(* Let $v$ be a pair potential with hard core $r_{\mathrm{hc}}>0$, finite range $R$, finite and bounded from below on $(r_{\mathrm{hc}},\infty)$, let $m\ge2$ be an integer with $R<(m+1)r_{\mathrm{hc}}$, $k=m-1$, and $\beta,p>0$. Then the kernel $K_{\beta,p}$ and the operator $\mathcal K_{\beta,p}$ defined below satisfy: (i) $K_{\beta,p}(x,y)=K_{\beta,p}(\mathsf s(y),\mathsf s(x))$; (ii) $K_{\beta,p}(x,y)>0$ for all $(x,y)\in(r_{\mathrm{hc}},\infty)^{2k}$; (iii) $\mathcal K_{\beta,p}$ is a compact operator in $L^2((r_{\mathrm{hc}},\infty)^k)$ (with respect to Lebesgue measure).
   Context: $v:\mathbb{R}_+\to\mathbb{R}\cup\{\infty\}$ measurable, $v\equiv\infty$ on $[0,r_{\mathrm{hc}}]$, $v\equiv0$ on $[R,\infty)$. For $\mathbf z=(z_1,\dots,z_k)$, $\mathbf z'=(z'_1,\dots,z'_k)$ define $V_p(\mathbf z)=\sum_{1\le i<j\le k+1}v(z_i+\dots+z_{j-1})+p\sum_{i=1}^kz_i$, $W(\mathbf z;\mathbf z')=\sum_{i=1}^k\sum_{j=1}^kv(z_i+\dots+z_k+z'_1+\dots+z'_j)$, $K_{\beta,p}(\mathbf z,\mathbf z')=\exp\bigl(-\beta(\tfrac12V_p(\mathbf z)+W(\mathbf z;\mathbf z')+\tfrac12V_p(\mathbf z'))\bigr)$, $\mathcal K_{\beta,p}f(\mathbf z)=\int_{(r_{\mathrm{hc}},\infty)^k}K_{\beta,p}(\mathbf z,\mathbf z')f(\mathbf z')\mathrm d\mathbf z'$, and $\mathsf s(z_1,\dots,z_k)=(z_k,\dots,z_1)$. *)

theory Defs
  imports "HOL-Analysis.Analysis"
begin

text \<open>Configurations z = (z_1,...,z_k) are represented as functions nat => real,
  using indices 0,...,k-1 (z_i of the paper is z (i-1)).\<close>

definition Vp :: "(real \<Rightarrow> ereal) \<Rightarrow> real \<Rightarrow> nat \<Rightarrow> (nat \<Rightarrow> real) \<Rightarrow> ereal" where
  "Vp v p k z = (\<Sum>i\<in>{0..k}. \<Sum>j\<in>{i<..k}. v (\<Sum>l\<in>{i..<j}. z l)) + ereal (p * (\<Sum>i<k. z i))"

definition Wint :: "(real \<Rightarrow> ereal) \<Rightarrow> nat \<Rightarrow> (nat \<Rightarrow> real) \<Rightarrow> (nat \<Rightarrow> real) \<Rightarrow> ereal" where
  "Wint v k z z' = (\<Sum>i<k. \<Sum>j<k. v ((\<Sum>l\<in>{i..<k}. z l) + (\<Sum>l\<in>{..j}. z' l)))"

definition exp_neg_ereal :: "ereal \<Rightarrow> real" where
  "exp_neg_ereal x = (if x = \<infinity> then 0 else if x = -\<infinity> then 0 else exp (- real_of_ereal x))"

definition Kern :: "(real \<Rightarrow> ereal) \<Rightarrow> real \<Rightarrow> real \<Rightarrow> nat \<Rightarrow> (nat \<Rightarrow> real) \<Rightarrow> (nat \<Rightarrow> real) \<Rightarrow> real" where
  "Kern v \<beta> p k z z' = exp_neg_ereal (ereal \<beta> *
     (ereal (1/2) * Vp v p k z + Wint v k z z' + ereal (1/2) * Vp v p k z'))"

definition srev :: "nat \<Rightarrow> (nat \<Rightarrow> real) \<Rightarrow> (nat \<Rightarrow> real)" where
  "srev k z = (\<lambda>i. if i < k then z (k - 1 - i) else z i)"

definition Mhc :: "nat \<Rightarrow> real \<Rightarrow> (nat \<Rightarrow> real) measure" where
  "Mhc k r = PiM {..<k} (\<lambda>_. restrict_space lborel {r<..})"

definition Kop :: "(real \<Rightarrow> ereal) \<Rightarrow> real \<Rightarrow> real \<Rightarrow> nat \<Rightarrow> real \<Rightarrow> ((nat \<Rightarrow> real) \<Rightarrow> real) \<Rightarrow> (nat \<Rightarrow> real) \<Rightarrow> real" where
  "Kop v \<beta> p k r f z = (\<integral>z'. Kern v \<beta> p k z z' * f z' \<partial>Mhc k r)"

definition L2 :: "'a measure \<Rightarrow> ('a \<Rightarrow> real) \<Rightarrow> bool" where
  "L2 M f \<longleftrightarrow> f \<in> borel_measurable M \<and> integrable M (\<lambda>x. (f x)^2)"

definition compact_L2_op :: "'a measure \<Rightarrow> (('a \<Rightarrow> real) \<Rightarrow> ('a \<Rightarrow> real)) \<Rightarrow> bool" where
  "compact_L2_op M T \<longleftrightarrow>
     (\<forall>f. L2 M f \<longrightarrow> L2 M (T f)) \<and>
     (\<forall>f g (a::real). L2 M f \<longrightarrow> L2 M g \<longrightarrow>
        (AE x in M. T (\<lambda>y. f y + a * g y) x = T f x + a * T g x)) \<and>
     (\<forall>F. (\<forall>n. L2 M (F n) \<and> (\<integral>x. (F n x)^2 \<partial>M) \<le> 1) \<longrightarrow>
        (\<exists>(r::nat\<Rightarrow>nat) g. strict_mono r \<and> L2 M g \<and>
           (\<lambda>n. \<integral>x. (T (F (r n)) x - g x)^2 \<partial>M) \<longlonglongrightarrow> 0))"

end

theory Submission
  imports Defs "HOL-Library.Diagonal_Subsequence"
begin

text \<open>
  Symmetry (i) is a reindexing: reversing both configurations and exchanging them permutes the
  pair sums in \<open>V\<^sub>p\<close> and \<open>W\<close>. On \<open>(r\<^sub>h\<^sub>c, \<infinity>)\<^sup>k\<close> every argument of \<open>v\<close> exceeds \<open>r\<^sub>h\<^sub>c\<close>, so all
  energies are finite and \<open>K\<close> is the exponential of a real number, which gives (ii).

  For (iii), \<open>v \<ge> C\<close> on \<open>(r\<^sub>h\<^sub>c, \<infinity>)\<close> and the pressure term is linear, so
  \<open>K(z, z') \<le> A e(z) e(z')\<close> with the square-integrable weight \<open>e(z) = exp (-\<beta>p/2 \<Sum> z\<^sub>i)\<close>.
  Such a kernel is Hilbert--Schmidt, and compactness is shown directly. A bounded sequence
  \<open>F\<^sub>n\<close> has a subsequence whose pairings with every \<open>L\<^sup>2\<close> function converge: a diagonal argument
  handles the indicators of a countable \<open>\<inter>\<close>-stable generator, Dynkin's argument all sets of
  finite measure, and density of simple functions the rest. Then \<open>(\<K>F\<^sub>n)(z)\<close>, the pairing
  of \<open>F\<^sub>n\<close> with \<open>K(z, \<cdot>)\<close>, converges for every \<open>z\<close>, and dominated convergence with dominant
  \<open>2A\<parallel>e\<parallel> e\<close> gives convergence in \<open>L\<^sup>2\<close>.

  Only finiteness and the lower bound of \<open>v\<close> on \<open>(r\<^sub>h\<^sub>c, \<infinity>)\<close> are used.
\<close>

section \<open>Square-integrable functions\<close>

lemma L2_integrable_mult:
  assumes "L2 M f" "L2 M g"
  shows "integrable M (\<lambda>x. f x * g x)"
proof (rule Bochner_Integration.integrable_bound[where f="\<lambda>x. (f x)^2 + (g x)^2"])
  show "integrable M (\<lambda>x. (f x)^2 + (g x)^2)" "(\<lambda>x. f x * g x) \<in> borel_measurable M"
    using assms by (auto simp: L2_def)
  have "\<bar>f x\<bar> * \<bar>g x\<bar> \<le> (f x)^2 + (g x)^2" for x
  proof -
    have "2 * \<bar>f x\<bar> * \<bar>g x\<bar> \<le> (f x)^2 + (g x)^2"
      using sum_squares_bound[of "\<bar>f x\<bar>" "\<bar>g x\<bar>"] by (simp add: power2_abs)
    moreover have "0 \<le> \<bar>f x\<bar> * \<bar>g x\<bar>" by simp
    ultimately show ?thesis by linarith
  qed
  then show "AE x in M. norm (f x * g x) \<le> norm ((f x)^2 + (g x)^2)"
    by (intro AE_I2) (simp add: abs_mult)
qed

lemma L2_add:
  assumes "L2 M f" "L2 M g"
  shows "L2 M (\<lambda>x. f x + g x)"
proof -
  have "integrable M (\<lambda>x. (f x)^2 + 2 * (f x * g x) + (g x)^2)"
    using assms L2_integrable_mult[OF assms] by (auto simp: L2_def)
  then show ?thesis using assms by (simp add: L2_def power2_sum algebra_simps borel_measurable_add)
qed

lemma L2_cmult: "L2 M f \<Longrightarrow> L2 M (\<lambda>x. c * f x)"
  by (simp add: L2_def power_mult_distrib borel_measurable_times)

lemma L2_diff: "L2 M f \<Longrightarrow> L2 M g \<Longrightarrow> L2 M (\<lambda>x. f x - g x)"
  using L2_add[of M f "\<lambda>x. - g x"] L2_cmult[of M g "-1"] by simp

lemma L2_zero: "L2 M (\<lambda>x. 0)"
  by (simp add: L2_def)

lemma L2_indicator:
  assumes "A \<in> sets M" "emeasure M A < \<infinity>"
  shows "L2 M (indicator A)"
proof -
  have "(\<lambda>x. (indicator A x :: real)^2) = indicator A"
    by (auto simp: indicator_def)
  then show ?thesis
    using assms sets.sets_into_space[OF assms(1)]
    by (simp add: L2_def integrable_indicator_iff Int_absorb1)
qed

lemma L2_dominated:
  assumes "f \<in> borel_measurable M" "L2 M g" "\<And>x. x \<in> space M \<Longrightarrow> \<bar>f x\<bar> \<le> \<bar>g x\<bar>"
  shows "L2 M f"
proof -
  have "integrable M (\<lambda>x. (f x)^2)"
  proof (rule Bochner_Integration.integrable_bound[where f="\<lambda>x. (g x)^2"])
    show "integrable M (\<lambda>x. (g x)^2)" using assms(2) by (simp add: L2_def)
    show "AE x in M. norm ((f x)^2) \<le> norm ((g x)^2)"
      using assms(3) by (intro AE_I2) (simp add: abs_le_square_iff)
  qed (use assms(1) in simp)
  with assms(1) show ?thesis by (simp add: L2_def)
qed

lemma L2_dominated_convergence:
  assumes "\<And>i. s i \<in> borel_measurable M" "\<psi> \<in> borel_measurable M" "L2 M g"
    and "\<And>i x. x \<in> space M \<Longrightarrow> \<bar>s i x - \<psi> x\<bar> \<le> g x"
    and "\<And>x. x \<in> space M \<Longrightarrow> (\<lambda>i. s i x) \<longlonglongrightarrow> \<psi> x"
  shows "(\<lambda>i. \<integral>x. (s i x - \<psi> x)^2 \<partial>M) \<longlonglongrightarrow> 0"
proof -
  have "(\<lambda>i. (s i x - \<psi> x)^2) \<longlonglongrightarrow> 0" if "x \<in> space M" for x
    using tendsto_power[OF tendsto_diff[OF assms(5)[OF that] tendsto_const[of "\<psi> x"]], of 2] by simp
  moreover have "\<bar>s i x - \<psi> x\<bar>^2 \<le> (g x)^2" if "x \<in> space M" for i x
    using assms(4)[OF that] by (intro power_mono) auto
  ultimately show ?thesis
    using integral_dominated_convergence[of "\<lambda>x. 0" M "\<lambda>i x. (s i x - \<psi> x)^2" "\<lambda>x. (g x)^2"] assms
    by (auto intro: AE_I2 simp: L2_def)
qed
(* Faulhaber's polynomial for \<Sum>a<N. a^(2k): telescoping power_odd_plus_minus_one_diff over a < N
   gives 2 \<Sum>j\<le>k. C(2k+1,2j) S_j(N) = N^(2k+1) + (N-1)^(2k+1) + 1, solved here for S_k. *)
fun even_power_sum_poly :: "nat \<Rightarrow> 'a::field_char_0 poly" where
  "even_power_sum_poly k = smult (1 / (2 * (2 * of_nat k + 1)))
     ([:0,1:] ^ (2*k+1) + [:-1,1:] ^ (2*k+1) + 1
      - smult 2 (\<Sum>j<k. smult (of_nat ((2*k+1) choose (2*j))) (even_power_sum_poly j)))"

declare even_power_sum_poly.simps [simp del]

lemma double_odd_of_nat_neq_0: "(2 * (2 * of_nat k + 1) :: 'a::field_char_0) \<noteq> 0"
  using of_nat_neq_0[of "4*k+1", where 'a='a] by (simp add: algebra_simps)

lemma poly_even_power_sum_poly:
  "poly (even_power_sum_poly k) (of_nat N) = (\<Sum>a<N. (of_nat a :: 'a::field_char_0) ^ (2*k))"
proof (induction k rule: less_induct)
  case (less k)
  define S where "S j = (\<Sum>a<N. (of_nat a :: 'a) ^ (2*j))" for j
  define C where "C j = (of_nat ((2*k+1) choose (2*j)) :: 'a)" for j
  have "(\<Sum>j\<le>k. C j * S j) = (\<Sum>a<N. \<Sum>j\<le>k. C j * of_nat a ^ (2*j))"
    unfolding S_def sum_distrib_left by (rule sum.swap)
  then have "2 * (\<Sum>j\<le>k. C j * S j) = (\<Sum>a<N. (of_nat a + 1) ^ (2*k+1) - (of_nat a - 1) ^ (2*k+1))"
    by (simp only: C_def power_odd_plus_minus_one_diff sum_distrib_left)
  also have "\<dots> = of_nat N ^ (2*k+1) + (of_nat N - 1) ^ (2*k+1) + 1"
    by (rule sum_power_odd_plus_minus_one_diff)
  finally have "2 * (2 * of_nat k + 1) * S k
      = of_nat N ^ (2*k+1) + (of_nat N - 1) ^ (2*k+1) + 1 - 2 * (\<Sum>j<k. C j * S j)"
    by (simp add: C_def lessThan_Suc_atMost[symmetric] algebra_simps)
  moreover note double_odd_of_nat_neq_0[of k, where 'a='a]
  moreover have "poly (even_power_sum_poly k) (of_nat N)
      = (of_nat N ^ (2*k+1) + (of_nat N - 1) ^ (2*k+1) + 1 - 2 * (\<Sum>j<k. C j * S j))
        / (2 * (2 * of_nat k + 1))"
    using less.IH by (subst even_power_sum_poly.simps) (simp add: poly_sum S_def C_def left_diff_distrib)
  ultimately have "poly (even_power_sum_poly k) (of_nat N) = S k"
    by (metis nonzero_mult_div_cancel_left)
  then show ?case by (simp add: S_def)
qed

definition bernoulli_even :: "nat \<Rightarrow> 'a::field_char_0" where
  "bernoulli_even k = coeff (even_power_sum_poly k) 1"

lemma coeff_1_eq_poly_pderiv_0: "coeff p 1 = poly (pderiv p) 0"
  by (simp add: poly_0_coeff_0 coeff_pderiv)

lemma bernoulli_even_recurrence:
  "2 * (\<Sum>j\<le>k. of_nat ((2*k+1) choose (2*j)) * bernoulli_even j)
     = 2 * of_nat k + 1 + (if k = 0 then 1 else (0 :: 'a::field_char_0))"
proof -
  have c0: "coeff ([:0,1:] ^ (2*k+1) :: 'a poly) 1 = (if k = 0 then 1 else 0)"
    and c1: "coeff ([:-1,1:] ^ (2*k+1) :: 'a poly) 1 = 2 * of_nat k + 1"
    unfolding coeff_1_eq_poly_pderiv_0 Suc_eq_plus1[symmetric] pderiv_power_Suc
    by (simp_all add: pderiv_pCons)
  have "bernoulli_even k = 1 / (2 * (2 * of_nat k + 1)) * (2 * of_nat k + 1 + (if k = 0 then 1 else 0)
      - 2 * (\<Sum>j<k. of_nat ((2*k+1) choose (2*j)) * bernoulli_even j) :: 'a)"
    unfolding bernoulli_even_def
    by (subst even_power_sum_poly.simps) (simp only: coeff_smult coeff_add coeff_diff coeff_sum c0 c1, simp)
  moreover note double_odd_of_nat_neq_0[of k, where 'a='a]
  ultimately show ?thesis
    by (simp add: lessThan_Suc_atMost[symmetric] field_simps)
qed

lemma bernoulli_even_0 [simp]: "bernoulli_even 0 = 1"
  using bernoulli_even_recurrence[of 0] by simp

lemma bernoulli_even_recurrence_doubled:
  assumes "k \<ge> 1"
  shows "(2 * of_nat k + 1) * (2 * bernoulli_even k)
     = 2 * of_nat k - 1
       - (\<Sum>j\<in>{1..<k}. of_nat ((2*k+1) choose (2*j)) * (2 * bernoulli_even j) :: 'a::field_char_0)"
proof -
  have "{..k} = insert 0 (insert k {1..<k})" using assms by auto
  then show ?thesis
    using bernoulli_even_recurrence[of k, where 'a='a] assms
    by (simp add: sum_distrib_left algebra_simps)
qed

lemma even_sum_middle_even_binomials: "even (\<Sum>j\<in>{1..<k}. (2*k+1) choose (2*j))"
proof (cases "k = 0")
  case False
  have "2 * (\<Sum>i\<le>2*k+1. if even i then int ((2*k+1) choose i) else 0) = 2 ^ (2*k+1)"
    by (rule choose_even_sum) simp
  then have "int (\<Sum>j\<le>k. (2*k+1) choose (2*j)) = int (2 ^ (2*k))"
    by (subst (asm) sum_atMost_odd_if_even) simp
  then have "(\<Sum>j\<le>k. (2*k+1) choose (2*j)) = 2 ^ (2*k)"
    by (simp only: of_nat_eq_iff)
  moreover have "{..k} = insert 0 (insert k {1..<k})" using False by auto
  ultimately have "(\<Sum>j\<in>{1..<k}. (2*k+1) choose (2*j)) + 2 * k + 2 = 2 ^ (2*k)"
    using False by simp
  then have "even ((\<Sum>j\<in>{1..<k}. (2*k+1) choose (2*j)) + 2 * (k + 1))"
    using False by (simp add: algebra_simps)
  then show ?thesis by simp
qed simp

(* 2-adic argument: the middle binomial coefficients have even sum, so multiplying the recurrence
   by a common odd denominator keeps the numerators of the 2 B_2j odd. *)
lemma odd_multiple_of_bernoulli_even_Suc:
  fixes L :: int and n :: "nat \<Rightarrow> int"
  assumes "odd L"
    and n: "\<And>j. j \<in> {1..k} \<Longrightarrow>
              odd (n j) \<and> of_int L * (2 * bernoulli_even j) = (of_int (n j) :: 'a::field_char_0)"
  shows "\<exists>n'. odd n' \<and>
           of_int (L * (2 * int (Suc k) + 1)) * (2 * bernoulli_even (Suc k)) = (of_int n' :: 'a)"
proof -
  define C where "C j = (2 * Suc k + 1) choose (2 * j)" for j
  define n' where "n' = L * (2 * int (Suc k) - 1) - (\<Sum>j\<in>{1..k}. int (C j) * n j)"
  have "(2 * of_nat (Suc k) + 1) * (2 * bernoulli_even (Suc k))
      = 2 * of_nat (Suc k) - 1 - (\<Sum>j\<in>{1..k}. of_nat (C j) * (2 * bernoulli_even j) :: 'a)"
    using bernoulli_even_recurrence_doubled[of "Suc k", where 'a='a]
    by (simp add: C_def atLeastLessThanSuc_atLeastAtMost)
  then have "of_int L * ((2 * of_nat (Suc k) + 1) * (2 * bernoulli_even (Suc k)))
      = of_int L * (2 * of_nat (Suc k) - 1)
        - (\<Sum>j\<in>{1..k}. of_nat (C j) * (of_int L * (2 * bernoulli_even j)) :: 'a)"
    by (simp add: sum_distrib_left right_diff_distrib mult.left_commute)
  also have "\<dots> = of_int n'"
    using n by (simp add: n'_def)
  finally have numerator:
      "of_int (L * (2 * int (Suc k) + 1)) * (2 * bernoulli_even (Suc k)) = (of_int n' :: 'a)"
    by (simp add: algebra_simps)
  have "(\<Sum>j\<in>{1..k}. int (C j) * n j)
      = (\<Sum>j\<in>{1..k}. int (C j) * (n j - 1)) + (\<Sum>j\<in>{1..k}. int (C j))"
    by (simp add: sum.distrib[symmetric] algebra_simps)
  moreover have "even (\<Sum>j\<in>{1..k}. int (C j) * (n j - 1))"
    using n by (intro dvd_sum) auto
  moreover have "even (\<Sum>j\<in>{1..k}. int (C j))"
    using even_sum_middle_even_binomials[of "Suc k"] unfolding C_def
    by (simp add: atLeastLessThanSuc_atLeastAtMost flip: of_nat_sum)
  ultimately have "odd n'"
    using \<open>odd L\<close> unfolding n'_def by simp
  with numerator show ?thesis
    by blast
qed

**WHAT YOU ARE ASKED TO DO:** Search the material above for the word "subst", then copy out each line that has it.

**SOLUTION FOR THIS PROBLEM:**
    using less.IH by (subst even_power_sum_poly.simps) (simp add: poly_sum S_def C_def left_diff_distrib)
    by (subst even_power_sum_poly.simps) (simp only: coeff_smult coeff_add coeff_diff coeff_sum c0 c1, simp)
    by (subst (asm) sum_atMost_odd_if_even) simp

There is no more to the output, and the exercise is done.